Check each line of the listing below for the string "trace", then give only the number of lines where it occurs.

**Source information**.
◆ ◆ ◆ ◆

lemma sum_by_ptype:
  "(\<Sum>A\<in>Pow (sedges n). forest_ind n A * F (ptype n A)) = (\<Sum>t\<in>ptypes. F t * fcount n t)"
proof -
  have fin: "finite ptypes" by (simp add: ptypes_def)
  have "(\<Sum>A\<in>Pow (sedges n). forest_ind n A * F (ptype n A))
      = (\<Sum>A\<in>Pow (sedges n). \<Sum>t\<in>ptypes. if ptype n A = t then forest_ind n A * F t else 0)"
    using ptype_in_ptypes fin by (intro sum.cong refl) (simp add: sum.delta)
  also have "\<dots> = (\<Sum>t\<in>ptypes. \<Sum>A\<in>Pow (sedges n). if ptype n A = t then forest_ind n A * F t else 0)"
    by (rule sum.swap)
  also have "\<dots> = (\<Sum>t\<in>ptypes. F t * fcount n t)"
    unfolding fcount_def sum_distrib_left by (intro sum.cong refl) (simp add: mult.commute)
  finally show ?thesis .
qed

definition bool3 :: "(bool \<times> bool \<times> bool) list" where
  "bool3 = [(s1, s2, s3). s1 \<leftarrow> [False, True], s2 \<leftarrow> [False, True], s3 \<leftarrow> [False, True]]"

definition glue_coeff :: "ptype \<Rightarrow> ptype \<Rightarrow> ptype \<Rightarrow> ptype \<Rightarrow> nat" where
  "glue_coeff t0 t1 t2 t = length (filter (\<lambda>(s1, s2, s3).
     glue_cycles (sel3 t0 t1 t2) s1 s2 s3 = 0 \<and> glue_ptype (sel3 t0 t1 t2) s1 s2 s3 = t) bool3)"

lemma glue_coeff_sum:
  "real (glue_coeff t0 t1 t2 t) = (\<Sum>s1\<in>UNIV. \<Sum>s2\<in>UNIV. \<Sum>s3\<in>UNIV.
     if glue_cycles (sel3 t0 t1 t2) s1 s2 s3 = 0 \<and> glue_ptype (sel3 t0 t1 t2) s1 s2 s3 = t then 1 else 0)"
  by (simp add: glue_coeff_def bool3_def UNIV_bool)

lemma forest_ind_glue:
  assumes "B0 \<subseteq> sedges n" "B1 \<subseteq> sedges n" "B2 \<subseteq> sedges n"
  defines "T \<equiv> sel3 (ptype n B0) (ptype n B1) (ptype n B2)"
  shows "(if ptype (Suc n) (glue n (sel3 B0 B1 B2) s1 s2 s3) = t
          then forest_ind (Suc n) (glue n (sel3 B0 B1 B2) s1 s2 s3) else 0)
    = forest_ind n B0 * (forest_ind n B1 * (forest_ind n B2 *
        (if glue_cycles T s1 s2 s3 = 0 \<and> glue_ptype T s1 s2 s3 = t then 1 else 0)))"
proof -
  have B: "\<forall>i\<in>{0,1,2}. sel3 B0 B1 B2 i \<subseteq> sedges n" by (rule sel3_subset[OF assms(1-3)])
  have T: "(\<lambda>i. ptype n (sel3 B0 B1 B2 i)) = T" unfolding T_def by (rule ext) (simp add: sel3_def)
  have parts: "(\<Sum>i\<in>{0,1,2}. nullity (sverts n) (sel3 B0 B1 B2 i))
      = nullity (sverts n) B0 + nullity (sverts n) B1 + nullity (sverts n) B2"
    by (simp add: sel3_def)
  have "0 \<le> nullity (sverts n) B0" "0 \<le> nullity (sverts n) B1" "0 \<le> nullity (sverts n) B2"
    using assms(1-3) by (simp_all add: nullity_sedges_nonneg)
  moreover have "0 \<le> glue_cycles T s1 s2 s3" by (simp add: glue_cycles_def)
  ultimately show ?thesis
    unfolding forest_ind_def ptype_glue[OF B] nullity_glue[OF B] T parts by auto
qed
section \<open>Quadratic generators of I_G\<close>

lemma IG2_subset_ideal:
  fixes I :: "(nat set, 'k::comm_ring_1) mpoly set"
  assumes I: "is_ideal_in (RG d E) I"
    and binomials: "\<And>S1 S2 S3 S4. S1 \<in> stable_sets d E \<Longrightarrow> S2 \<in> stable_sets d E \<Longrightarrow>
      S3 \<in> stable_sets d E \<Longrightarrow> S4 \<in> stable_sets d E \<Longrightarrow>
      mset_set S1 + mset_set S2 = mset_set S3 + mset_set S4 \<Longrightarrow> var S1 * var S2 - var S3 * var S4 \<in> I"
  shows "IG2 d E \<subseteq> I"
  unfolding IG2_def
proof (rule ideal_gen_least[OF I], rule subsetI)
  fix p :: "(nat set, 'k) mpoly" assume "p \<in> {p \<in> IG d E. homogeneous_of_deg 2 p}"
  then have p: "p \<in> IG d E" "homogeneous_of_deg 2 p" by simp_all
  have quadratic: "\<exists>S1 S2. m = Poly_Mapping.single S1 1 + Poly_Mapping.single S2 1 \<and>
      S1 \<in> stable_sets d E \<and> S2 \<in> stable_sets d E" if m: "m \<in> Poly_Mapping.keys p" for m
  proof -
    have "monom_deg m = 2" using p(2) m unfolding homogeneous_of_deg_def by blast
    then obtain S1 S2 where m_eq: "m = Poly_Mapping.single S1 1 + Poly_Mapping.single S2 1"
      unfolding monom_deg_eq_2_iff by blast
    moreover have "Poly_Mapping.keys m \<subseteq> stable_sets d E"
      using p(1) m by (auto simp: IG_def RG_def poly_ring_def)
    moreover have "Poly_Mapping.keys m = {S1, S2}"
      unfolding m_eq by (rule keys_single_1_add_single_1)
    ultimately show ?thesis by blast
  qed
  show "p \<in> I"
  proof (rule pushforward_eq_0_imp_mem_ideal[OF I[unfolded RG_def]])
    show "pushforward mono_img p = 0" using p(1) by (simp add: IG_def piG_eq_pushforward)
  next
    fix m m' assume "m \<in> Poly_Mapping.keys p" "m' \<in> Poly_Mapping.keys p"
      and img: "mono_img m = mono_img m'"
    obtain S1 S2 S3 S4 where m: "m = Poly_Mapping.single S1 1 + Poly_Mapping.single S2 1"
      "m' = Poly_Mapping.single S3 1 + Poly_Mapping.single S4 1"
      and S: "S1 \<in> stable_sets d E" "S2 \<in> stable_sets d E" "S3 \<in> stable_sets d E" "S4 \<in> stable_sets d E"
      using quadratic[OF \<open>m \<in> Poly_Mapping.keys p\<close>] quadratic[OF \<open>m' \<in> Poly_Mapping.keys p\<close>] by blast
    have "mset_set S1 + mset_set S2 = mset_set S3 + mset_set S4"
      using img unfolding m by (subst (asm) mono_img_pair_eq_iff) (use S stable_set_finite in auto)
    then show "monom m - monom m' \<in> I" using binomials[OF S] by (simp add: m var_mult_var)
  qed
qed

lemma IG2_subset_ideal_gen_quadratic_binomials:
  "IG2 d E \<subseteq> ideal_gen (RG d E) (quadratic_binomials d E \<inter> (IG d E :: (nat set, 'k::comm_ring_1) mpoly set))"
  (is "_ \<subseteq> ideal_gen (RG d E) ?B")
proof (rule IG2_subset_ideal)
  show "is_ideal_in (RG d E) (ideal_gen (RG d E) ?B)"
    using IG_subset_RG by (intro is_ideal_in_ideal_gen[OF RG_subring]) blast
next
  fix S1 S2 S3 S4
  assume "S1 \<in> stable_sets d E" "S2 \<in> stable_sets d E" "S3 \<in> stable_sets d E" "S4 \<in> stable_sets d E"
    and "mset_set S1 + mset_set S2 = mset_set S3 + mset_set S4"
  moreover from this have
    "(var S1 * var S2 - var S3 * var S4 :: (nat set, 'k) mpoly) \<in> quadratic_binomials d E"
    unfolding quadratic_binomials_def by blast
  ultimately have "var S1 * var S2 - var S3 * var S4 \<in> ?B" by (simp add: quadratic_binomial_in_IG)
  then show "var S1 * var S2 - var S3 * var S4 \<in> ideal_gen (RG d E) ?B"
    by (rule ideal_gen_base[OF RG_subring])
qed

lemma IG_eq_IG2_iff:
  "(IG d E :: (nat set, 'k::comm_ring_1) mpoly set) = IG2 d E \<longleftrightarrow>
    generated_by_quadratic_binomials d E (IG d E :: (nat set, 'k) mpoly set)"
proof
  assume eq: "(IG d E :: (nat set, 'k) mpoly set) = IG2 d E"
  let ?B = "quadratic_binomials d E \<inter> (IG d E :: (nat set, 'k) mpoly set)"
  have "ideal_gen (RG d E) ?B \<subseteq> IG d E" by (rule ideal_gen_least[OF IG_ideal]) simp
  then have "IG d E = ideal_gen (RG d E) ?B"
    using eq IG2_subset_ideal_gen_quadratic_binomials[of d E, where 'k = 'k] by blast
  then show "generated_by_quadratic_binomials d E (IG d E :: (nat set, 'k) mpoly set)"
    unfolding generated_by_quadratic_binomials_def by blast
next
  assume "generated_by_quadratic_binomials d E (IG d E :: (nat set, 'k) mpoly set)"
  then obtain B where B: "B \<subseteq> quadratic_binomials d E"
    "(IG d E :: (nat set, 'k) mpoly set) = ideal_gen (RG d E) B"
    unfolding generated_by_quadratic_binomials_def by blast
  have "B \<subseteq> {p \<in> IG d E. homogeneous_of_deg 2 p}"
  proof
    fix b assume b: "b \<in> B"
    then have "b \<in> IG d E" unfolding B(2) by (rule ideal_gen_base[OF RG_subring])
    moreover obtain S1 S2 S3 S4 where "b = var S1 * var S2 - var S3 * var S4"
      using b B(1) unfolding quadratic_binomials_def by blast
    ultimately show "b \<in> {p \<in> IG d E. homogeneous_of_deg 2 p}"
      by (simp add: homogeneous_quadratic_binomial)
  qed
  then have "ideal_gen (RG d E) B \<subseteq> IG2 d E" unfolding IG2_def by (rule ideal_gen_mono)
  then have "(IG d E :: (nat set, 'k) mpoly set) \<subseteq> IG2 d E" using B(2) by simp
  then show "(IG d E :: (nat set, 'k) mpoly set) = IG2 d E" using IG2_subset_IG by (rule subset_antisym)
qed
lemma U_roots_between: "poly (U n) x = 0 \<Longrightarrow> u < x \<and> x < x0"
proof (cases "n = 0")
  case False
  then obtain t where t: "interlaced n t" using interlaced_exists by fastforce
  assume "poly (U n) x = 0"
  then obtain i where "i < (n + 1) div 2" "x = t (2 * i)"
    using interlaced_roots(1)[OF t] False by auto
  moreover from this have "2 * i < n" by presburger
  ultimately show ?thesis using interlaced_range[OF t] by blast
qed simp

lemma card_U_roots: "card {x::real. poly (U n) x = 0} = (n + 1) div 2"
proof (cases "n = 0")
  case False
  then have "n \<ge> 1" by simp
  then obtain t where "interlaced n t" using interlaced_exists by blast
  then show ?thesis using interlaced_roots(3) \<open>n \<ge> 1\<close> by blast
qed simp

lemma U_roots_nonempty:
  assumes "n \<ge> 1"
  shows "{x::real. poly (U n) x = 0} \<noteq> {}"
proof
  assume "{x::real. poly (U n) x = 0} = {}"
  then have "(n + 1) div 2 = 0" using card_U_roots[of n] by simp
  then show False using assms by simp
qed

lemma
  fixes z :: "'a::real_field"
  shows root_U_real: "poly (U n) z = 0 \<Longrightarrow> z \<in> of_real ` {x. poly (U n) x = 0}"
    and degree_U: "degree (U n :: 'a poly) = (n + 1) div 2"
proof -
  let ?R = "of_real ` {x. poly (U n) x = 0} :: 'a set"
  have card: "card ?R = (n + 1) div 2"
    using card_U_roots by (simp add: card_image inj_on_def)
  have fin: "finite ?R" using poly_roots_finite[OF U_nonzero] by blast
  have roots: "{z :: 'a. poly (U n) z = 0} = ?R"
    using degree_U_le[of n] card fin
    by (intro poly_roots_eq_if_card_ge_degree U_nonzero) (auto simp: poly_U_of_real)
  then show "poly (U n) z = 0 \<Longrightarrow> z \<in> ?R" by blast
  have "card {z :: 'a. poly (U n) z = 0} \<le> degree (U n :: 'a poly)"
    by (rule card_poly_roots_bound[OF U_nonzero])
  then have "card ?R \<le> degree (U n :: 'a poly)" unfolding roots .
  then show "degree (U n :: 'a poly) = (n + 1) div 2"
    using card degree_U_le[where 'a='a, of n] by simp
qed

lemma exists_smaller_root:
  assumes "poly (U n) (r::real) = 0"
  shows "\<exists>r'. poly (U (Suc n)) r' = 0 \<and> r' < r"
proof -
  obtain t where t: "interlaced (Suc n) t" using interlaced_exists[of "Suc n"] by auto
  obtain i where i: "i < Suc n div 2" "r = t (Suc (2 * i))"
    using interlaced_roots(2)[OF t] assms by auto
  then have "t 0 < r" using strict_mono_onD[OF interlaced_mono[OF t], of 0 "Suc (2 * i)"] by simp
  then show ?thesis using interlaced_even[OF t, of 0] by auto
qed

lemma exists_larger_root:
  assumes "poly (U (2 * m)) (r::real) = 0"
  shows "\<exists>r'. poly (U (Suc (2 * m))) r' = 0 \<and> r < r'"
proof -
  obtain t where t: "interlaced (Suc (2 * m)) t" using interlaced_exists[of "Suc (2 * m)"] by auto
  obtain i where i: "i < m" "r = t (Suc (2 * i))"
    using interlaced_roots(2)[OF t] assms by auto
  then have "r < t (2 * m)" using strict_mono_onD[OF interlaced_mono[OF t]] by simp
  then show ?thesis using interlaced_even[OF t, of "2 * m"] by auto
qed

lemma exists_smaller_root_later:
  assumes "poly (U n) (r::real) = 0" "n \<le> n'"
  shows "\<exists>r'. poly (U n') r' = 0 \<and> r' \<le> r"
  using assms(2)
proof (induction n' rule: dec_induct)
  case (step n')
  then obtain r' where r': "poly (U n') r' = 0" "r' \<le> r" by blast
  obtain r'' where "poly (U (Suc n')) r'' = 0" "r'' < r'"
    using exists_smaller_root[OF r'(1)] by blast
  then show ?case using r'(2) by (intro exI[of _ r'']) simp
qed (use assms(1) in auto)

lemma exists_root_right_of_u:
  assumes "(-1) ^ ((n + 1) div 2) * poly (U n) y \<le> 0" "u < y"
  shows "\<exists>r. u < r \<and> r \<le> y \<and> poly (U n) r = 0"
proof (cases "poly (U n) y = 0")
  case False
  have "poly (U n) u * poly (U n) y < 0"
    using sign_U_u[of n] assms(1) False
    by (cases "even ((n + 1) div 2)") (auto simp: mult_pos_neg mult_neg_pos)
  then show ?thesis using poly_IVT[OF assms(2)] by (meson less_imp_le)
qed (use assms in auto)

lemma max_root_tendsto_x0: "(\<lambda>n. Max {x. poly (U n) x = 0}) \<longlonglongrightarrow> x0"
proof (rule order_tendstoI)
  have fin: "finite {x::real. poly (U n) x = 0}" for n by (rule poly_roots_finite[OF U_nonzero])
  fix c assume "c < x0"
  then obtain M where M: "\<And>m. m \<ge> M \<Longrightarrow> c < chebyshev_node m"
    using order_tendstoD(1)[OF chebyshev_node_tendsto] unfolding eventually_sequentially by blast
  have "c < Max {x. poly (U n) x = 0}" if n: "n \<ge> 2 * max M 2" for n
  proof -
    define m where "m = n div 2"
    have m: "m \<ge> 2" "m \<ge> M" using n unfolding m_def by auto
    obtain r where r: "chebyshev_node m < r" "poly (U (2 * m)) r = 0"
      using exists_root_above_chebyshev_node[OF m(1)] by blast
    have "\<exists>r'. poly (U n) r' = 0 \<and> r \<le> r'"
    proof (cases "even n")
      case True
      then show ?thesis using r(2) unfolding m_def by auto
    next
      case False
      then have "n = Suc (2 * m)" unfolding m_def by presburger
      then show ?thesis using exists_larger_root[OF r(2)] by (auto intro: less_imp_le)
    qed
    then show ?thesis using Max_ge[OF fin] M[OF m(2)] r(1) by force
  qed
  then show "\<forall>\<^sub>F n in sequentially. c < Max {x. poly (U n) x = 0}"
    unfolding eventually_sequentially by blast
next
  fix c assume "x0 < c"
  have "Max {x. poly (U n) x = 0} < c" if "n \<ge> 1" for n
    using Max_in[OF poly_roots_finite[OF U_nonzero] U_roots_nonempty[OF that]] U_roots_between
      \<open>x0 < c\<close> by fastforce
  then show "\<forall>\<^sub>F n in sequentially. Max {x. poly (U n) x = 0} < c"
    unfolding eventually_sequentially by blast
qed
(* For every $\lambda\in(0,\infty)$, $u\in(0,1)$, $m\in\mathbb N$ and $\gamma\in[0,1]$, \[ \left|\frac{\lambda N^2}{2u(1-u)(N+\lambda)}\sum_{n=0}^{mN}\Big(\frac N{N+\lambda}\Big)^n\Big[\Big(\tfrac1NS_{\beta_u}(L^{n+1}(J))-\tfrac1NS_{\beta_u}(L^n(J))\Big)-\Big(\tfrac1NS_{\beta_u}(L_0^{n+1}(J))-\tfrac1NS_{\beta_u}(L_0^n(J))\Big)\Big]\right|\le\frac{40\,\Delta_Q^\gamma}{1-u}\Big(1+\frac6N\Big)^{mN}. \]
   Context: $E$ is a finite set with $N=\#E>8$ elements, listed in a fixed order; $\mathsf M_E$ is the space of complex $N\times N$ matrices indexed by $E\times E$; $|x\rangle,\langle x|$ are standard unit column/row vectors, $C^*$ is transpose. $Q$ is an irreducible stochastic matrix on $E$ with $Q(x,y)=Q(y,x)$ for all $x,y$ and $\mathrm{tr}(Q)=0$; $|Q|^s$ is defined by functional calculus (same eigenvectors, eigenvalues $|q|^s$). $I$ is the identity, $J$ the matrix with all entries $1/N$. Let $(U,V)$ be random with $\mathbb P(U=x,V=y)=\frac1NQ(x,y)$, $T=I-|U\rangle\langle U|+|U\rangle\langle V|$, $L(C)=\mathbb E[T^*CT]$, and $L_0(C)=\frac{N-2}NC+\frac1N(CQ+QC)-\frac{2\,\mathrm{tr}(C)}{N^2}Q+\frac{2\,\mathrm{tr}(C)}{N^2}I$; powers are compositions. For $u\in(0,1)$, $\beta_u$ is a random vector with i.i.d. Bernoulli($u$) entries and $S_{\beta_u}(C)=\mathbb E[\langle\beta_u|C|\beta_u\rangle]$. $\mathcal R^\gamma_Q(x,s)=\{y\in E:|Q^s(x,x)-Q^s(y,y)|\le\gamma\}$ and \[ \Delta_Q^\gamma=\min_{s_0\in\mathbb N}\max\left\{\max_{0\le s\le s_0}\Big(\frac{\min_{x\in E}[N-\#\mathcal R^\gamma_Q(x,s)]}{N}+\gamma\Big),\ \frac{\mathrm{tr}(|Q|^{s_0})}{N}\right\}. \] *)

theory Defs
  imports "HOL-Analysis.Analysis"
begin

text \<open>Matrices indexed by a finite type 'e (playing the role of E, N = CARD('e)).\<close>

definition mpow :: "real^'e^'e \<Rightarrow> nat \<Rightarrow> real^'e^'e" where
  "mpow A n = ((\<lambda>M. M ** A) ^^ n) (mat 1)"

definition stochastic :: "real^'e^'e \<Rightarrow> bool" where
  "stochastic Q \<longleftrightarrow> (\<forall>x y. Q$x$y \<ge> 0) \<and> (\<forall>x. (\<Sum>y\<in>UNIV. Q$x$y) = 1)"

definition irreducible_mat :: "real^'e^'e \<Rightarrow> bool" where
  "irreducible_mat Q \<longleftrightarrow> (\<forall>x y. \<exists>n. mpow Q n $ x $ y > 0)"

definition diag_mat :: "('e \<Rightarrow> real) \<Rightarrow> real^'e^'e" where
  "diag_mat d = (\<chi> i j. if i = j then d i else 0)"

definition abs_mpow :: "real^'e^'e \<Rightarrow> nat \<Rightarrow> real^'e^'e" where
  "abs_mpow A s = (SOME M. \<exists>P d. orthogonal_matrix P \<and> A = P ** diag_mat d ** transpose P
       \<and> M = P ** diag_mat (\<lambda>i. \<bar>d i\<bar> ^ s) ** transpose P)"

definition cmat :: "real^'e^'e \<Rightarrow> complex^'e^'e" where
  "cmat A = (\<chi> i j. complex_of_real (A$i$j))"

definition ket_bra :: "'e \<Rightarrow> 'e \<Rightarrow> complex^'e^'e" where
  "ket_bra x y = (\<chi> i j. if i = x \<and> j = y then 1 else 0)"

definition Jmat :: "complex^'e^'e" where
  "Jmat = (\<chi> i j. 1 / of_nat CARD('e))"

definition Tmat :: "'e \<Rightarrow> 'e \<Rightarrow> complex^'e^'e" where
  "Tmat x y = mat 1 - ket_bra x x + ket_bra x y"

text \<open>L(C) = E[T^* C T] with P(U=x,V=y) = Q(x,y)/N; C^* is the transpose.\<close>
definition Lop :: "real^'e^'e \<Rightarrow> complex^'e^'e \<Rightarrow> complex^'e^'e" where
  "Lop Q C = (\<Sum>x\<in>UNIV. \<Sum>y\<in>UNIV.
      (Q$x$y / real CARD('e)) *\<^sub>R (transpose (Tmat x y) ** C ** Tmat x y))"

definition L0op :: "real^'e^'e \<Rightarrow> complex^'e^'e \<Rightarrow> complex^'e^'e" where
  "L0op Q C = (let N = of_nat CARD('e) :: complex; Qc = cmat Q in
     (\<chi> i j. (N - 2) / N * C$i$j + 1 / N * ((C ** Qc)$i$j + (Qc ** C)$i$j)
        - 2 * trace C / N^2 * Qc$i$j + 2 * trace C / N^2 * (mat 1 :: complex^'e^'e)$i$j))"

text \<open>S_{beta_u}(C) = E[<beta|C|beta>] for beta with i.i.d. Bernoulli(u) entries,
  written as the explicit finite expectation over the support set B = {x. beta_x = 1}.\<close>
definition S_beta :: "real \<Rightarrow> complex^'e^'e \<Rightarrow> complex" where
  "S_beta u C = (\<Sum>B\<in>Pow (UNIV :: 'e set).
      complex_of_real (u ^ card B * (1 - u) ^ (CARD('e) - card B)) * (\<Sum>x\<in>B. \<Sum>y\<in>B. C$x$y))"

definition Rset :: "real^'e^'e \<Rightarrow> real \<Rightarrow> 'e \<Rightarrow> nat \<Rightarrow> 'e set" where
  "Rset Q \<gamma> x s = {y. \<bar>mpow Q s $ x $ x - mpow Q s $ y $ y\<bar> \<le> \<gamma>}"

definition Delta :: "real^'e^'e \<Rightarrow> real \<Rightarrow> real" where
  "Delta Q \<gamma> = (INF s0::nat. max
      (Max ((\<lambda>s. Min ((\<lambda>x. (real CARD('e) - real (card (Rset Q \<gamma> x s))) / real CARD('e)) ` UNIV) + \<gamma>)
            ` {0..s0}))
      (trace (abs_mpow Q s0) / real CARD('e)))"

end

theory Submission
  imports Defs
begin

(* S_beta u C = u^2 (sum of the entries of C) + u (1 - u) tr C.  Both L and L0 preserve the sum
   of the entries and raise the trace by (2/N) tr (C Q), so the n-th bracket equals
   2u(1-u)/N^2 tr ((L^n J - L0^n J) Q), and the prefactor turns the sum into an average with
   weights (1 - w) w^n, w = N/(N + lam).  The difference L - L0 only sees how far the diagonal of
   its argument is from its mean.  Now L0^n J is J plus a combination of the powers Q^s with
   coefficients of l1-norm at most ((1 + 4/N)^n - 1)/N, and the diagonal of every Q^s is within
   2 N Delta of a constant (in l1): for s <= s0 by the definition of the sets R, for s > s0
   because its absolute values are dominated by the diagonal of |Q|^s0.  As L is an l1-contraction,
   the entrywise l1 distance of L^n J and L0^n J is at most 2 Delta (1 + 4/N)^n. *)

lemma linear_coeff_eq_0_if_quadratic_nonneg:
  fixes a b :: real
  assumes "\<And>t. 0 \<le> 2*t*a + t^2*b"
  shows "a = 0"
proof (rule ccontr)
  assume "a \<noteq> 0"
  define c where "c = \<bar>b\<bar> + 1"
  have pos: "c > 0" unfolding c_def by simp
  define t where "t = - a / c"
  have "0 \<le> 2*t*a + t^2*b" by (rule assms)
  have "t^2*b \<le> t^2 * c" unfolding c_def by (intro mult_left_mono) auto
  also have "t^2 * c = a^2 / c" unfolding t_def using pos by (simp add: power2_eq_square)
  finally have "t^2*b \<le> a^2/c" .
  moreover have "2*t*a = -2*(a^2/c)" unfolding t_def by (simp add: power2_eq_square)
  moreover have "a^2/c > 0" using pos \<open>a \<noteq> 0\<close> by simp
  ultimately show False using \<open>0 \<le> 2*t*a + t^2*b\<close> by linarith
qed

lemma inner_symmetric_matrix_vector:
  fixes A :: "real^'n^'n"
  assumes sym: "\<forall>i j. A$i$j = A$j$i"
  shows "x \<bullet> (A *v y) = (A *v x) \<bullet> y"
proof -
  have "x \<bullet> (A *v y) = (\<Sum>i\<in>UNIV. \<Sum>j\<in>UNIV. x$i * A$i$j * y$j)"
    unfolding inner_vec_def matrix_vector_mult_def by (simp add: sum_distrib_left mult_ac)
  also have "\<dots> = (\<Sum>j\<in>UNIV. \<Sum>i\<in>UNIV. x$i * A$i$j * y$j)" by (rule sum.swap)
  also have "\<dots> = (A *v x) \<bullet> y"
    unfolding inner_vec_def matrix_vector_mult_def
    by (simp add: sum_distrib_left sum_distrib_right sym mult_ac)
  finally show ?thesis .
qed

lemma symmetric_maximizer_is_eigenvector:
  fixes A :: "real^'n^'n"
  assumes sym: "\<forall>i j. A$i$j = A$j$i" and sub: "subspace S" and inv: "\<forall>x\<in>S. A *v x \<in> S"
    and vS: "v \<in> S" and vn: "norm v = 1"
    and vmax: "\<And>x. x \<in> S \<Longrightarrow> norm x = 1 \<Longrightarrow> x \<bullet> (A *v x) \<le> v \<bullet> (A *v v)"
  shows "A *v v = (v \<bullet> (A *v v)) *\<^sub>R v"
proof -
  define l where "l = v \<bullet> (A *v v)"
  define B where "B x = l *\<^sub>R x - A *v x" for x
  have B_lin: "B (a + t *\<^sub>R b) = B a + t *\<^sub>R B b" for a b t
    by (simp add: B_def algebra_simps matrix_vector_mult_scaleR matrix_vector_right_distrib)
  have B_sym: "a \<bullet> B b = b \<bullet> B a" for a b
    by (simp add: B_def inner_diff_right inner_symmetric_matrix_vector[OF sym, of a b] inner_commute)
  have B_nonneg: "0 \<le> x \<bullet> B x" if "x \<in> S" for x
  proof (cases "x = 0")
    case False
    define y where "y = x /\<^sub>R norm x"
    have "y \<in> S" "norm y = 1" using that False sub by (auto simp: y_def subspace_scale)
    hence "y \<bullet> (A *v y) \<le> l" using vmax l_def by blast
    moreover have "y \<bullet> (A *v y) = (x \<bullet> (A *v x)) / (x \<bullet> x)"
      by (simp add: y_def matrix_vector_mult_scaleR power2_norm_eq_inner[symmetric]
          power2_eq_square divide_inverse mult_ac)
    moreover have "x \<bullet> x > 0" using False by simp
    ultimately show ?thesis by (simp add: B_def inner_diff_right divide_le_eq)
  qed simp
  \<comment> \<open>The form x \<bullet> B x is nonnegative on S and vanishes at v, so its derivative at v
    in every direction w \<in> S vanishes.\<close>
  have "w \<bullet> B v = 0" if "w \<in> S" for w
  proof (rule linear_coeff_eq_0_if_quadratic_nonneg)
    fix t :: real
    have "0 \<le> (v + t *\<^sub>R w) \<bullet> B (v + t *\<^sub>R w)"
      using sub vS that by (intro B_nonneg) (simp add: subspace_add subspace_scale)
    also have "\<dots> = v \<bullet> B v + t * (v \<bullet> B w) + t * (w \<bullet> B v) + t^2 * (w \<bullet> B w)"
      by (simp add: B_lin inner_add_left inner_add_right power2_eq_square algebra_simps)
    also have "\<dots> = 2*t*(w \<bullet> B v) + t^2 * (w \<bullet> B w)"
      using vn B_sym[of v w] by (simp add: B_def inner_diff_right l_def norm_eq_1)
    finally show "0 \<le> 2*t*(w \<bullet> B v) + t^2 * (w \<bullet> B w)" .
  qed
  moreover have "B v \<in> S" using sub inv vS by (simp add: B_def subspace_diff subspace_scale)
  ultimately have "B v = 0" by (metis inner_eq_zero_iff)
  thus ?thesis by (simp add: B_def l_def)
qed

◆ ◆ ◆ ◆

**Result of this exercise**.
3